WHAT IS BEING ASKED: In the entries below, find each line bearing the string "also" and copy it.

(Extracted records)

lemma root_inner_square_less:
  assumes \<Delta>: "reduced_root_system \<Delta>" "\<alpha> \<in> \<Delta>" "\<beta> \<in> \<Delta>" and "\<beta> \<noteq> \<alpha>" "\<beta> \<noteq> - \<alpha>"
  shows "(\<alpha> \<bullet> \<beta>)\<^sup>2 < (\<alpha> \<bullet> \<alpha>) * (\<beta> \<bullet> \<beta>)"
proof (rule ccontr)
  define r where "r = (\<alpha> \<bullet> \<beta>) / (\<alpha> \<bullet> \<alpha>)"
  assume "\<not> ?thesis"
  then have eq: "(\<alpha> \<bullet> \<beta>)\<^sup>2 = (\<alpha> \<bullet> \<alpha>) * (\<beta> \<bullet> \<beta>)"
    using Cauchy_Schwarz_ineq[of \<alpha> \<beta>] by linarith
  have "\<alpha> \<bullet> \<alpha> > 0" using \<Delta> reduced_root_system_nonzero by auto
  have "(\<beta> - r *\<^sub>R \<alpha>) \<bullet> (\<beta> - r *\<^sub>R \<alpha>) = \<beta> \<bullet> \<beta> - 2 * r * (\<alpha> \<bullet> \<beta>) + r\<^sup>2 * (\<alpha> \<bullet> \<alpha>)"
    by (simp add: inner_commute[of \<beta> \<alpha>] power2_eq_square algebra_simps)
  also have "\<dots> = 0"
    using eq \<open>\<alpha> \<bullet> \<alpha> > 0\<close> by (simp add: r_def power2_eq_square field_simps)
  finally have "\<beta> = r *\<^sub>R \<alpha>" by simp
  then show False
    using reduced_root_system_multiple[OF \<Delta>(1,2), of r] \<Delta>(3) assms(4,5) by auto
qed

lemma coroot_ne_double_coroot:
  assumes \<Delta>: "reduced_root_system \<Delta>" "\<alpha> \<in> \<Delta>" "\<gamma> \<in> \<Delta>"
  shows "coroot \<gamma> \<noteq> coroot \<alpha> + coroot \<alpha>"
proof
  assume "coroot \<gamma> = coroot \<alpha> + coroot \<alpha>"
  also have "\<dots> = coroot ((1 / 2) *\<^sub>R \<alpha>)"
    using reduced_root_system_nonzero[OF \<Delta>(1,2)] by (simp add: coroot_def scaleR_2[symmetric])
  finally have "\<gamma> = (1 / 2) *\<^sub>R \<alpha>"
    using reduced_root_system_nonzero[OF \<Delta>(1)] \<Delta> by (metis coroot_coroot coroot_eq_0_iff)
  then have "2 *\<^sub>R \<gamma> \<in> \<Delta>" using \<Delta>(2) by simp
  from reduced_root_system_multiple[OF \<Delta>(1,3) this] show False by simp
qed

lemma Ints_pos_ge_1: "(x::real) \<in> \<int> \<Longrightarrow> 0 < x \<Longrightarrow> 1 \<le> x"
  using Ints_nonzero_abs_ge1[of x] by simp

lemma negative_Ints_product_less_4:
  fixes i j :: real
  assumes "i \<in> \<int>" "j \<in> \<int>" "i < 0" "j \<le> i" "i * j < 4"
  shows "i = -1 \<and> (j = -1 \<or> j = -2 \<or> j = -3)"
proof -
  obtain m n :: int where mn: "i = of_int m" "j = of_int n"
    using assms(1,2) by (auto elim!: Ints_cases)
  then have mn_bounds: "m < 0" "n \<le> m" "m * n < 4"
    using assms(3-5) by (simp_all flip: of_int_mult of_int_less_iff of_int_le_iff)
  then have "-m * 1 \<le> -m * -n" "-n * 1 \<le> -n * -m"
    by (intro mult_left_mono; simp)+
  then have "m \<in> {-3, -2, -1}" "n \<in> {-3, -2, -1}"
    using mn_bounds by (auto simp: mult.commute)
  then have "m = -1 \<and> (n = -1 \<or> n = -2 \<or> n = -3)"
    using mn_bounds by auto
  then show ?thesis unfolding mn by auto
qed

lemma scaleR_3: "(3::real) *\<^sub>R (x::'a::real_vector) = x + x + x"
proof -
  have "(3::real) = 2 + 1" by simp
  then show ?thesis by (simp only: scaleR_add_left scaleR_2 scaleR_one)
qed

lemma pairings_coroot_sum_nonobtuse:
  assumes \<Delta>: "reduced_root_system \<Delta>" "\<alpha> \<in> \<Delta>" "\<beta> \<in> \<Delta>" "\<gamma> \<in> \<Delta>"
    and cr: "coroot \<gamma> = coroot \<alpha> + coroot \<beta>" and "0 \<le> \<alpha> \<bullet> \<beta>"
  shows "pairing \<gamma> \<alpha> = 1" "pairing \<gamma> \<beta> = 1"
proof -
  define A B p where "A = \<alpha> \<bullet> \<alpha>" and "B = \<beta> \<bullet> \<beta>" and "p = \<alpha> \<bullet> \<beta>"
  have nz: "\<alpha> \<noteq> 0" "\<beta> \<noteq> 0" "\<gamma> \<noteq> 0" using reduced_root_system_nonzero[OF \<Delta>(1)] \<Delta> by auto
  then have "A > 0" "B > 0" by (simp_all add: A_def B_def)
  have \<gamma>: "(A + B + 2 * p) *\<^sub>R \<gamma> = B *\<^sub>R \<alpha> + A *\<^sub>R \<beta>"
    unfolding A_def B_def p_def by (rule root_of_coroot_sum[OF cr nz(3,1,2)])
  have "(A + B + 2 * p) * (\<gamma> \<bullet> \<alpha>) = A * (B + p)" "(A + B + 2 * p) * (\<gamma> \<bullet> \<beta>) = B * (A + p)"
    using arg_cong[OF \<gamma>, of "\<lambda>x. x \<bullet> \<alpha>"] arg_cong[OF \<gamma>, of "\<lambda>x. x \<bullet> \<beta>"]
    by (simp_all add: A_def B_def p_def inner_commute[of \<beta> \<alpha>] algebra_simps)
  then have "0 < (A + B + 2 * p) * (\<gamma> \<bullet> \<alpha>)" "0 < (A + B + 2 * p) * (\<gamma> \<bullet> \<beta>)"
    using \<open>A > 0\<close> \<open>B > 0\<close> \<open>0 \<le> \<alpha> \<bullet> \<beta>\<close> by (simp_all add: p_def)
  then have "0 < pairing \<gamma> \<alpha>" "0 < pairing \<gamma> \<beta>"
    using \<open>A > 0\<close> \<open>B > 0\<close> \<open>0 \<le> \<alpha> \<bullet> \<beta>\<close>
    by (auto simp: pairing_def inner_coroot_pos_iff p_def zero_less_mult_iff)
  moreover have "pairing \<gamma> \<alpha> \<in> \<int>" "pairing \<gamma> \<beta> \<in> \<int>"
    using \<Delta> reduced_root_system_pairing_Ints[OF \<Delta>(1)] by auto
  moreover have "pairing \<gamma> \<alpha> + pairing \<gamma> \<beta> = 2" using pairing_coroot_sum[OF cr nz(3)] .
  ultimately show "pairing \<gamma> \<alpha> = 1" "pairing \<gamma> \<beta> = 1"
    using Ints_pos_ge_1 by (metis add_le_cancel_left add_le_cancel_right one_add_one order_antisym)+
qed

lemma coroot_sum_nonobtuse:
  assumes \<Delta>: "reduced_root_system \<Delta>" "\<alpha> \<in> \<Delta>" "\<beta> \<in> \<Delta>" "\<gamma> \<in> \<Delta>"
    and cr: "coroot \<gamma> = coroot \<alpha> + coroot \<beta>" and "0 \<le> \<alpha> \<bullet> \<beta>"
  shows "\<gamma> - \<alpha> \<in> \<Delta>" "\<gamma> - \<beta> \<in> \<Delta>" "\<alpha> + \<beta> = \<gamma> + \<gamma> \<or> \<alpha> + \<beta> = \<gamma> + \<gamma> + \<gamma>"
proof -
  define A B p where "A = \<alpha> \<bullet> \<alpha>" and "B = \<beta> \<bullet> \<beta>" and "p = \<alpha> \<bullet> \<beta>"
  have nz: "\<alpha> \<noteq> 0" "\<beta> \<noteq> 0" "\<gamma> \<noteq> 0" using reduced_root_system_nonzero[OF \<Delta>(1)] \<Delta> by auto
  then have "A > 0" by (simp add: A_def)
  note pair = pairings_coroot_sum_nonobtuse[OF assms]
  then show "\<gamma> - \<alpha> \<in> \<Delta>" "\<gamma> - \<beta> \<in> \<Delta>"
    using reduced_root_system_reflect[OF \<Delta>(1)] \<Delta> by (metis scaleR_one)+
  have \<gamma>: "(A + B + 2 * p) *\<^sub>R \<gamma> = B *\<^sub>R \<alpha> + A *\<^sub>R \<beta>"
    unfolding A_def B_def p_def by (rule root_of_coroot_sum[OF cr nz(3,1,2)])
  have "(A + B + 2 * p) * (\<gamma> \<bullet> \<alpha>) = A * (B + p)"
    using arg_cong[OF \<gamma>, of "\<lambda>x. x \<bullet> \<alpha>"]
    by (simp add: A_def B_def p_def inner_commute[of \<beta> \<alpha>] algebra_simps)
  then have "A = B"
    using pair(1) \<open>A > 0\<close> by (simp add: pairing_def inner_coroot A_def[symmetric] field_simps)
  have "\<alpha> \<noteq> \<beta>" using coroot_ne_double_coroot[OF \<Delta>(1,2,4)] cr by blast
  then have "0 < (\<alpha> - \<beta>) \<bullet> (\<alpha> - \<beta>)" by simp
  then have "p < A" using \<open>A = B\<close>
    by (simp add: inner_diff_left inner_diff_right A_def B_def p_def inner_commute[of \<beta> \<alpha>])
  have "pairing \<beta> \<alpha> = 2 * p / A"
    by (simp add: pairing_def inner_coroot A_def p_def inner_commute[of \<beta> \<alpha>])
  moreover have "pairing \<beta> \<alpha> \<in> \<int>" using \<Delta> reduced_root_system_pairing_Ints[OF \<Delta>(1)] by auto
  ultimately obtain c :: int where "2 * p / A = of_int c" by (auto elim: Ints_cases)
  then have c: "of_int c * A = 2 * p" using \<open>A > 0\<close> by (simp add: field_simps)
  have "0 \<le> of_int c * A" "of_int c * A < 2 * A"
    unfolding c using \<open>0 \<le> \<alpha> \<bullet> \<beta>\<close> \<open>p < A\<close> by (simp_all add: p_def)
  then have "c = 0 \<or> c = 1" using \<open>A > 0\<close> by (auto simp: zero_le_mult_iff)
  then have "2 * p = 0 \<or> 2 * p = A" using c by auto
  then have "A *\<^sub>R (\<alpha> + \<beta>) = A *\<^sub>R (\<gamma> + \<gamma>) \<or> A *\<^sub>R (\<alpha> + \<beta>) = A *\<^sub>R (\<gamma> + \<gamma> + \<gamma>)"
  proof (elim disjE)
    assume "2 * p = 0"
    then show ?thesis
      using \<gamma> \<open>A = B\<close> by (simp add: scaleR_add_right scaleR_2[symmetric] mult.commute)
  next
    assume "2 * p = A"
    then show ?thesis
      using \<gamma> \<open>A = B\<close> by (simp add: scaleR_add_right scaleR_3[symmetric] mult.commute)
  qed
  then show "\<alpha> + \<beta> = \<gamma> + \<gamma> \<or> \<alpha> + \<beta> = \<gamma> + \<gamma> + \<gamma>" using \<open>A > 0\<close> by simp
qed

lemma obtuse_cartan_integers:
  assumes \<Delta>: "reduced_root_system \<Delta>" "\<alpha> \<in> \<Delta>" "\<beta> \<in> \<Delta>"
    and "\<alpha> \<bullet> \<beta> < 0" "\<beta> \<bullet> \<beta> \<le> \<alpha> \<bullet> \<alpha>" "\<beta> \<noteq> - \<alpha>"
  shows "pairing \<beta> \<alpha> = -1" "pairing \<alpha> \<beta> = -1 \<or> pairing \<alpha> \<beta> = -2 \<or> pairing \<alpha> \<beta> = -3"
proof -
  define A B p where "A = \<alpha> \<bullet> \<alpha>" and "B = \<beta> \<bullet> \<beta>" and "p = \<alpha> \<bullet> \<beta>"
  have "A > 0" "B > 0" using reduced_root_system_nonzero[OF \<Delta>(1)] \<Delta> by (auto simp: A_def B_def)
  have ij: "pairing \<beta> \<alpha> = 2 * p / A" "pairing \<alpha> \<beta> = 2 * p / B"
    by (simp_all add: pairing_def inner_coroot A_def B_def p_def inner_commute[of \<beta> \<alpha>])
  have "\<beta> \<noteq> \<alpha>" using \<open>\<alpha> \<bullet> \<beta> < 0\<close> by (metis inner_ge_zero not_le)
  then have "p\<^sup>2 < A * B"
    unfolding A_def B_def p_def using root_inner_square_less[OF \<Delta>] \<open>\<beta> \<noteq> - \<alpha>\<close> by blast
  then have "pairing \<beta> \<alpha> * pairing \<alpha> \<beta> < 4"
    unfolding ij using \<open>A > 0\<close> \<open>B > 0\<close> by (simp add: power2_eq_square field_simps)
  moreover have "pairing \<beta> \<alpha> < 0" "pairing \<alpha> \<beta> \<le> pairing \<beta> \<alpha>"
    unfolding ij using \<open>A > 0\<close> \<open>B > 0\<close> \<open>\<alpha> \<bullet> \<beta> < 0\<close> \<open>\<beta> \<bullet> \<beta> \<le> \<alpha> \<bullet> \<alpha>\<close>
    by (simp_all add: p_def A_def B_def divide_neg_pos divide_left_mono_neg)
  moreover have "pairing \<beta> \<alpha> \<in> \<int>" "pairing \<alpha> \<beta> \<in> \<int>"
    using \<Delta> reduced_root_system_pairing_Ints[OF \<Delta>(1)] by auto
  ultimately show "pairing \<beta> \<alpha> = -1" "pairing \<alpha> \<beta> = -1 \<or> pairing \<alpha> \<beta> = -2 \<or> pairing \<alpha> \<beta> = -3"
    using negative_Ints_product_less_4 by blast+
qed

TASK OUTPUT:
  also have "\<dots> = 0"
  also have "\<dots> = coroot ((1 / 2) *\<^sub>R \<alpha>)"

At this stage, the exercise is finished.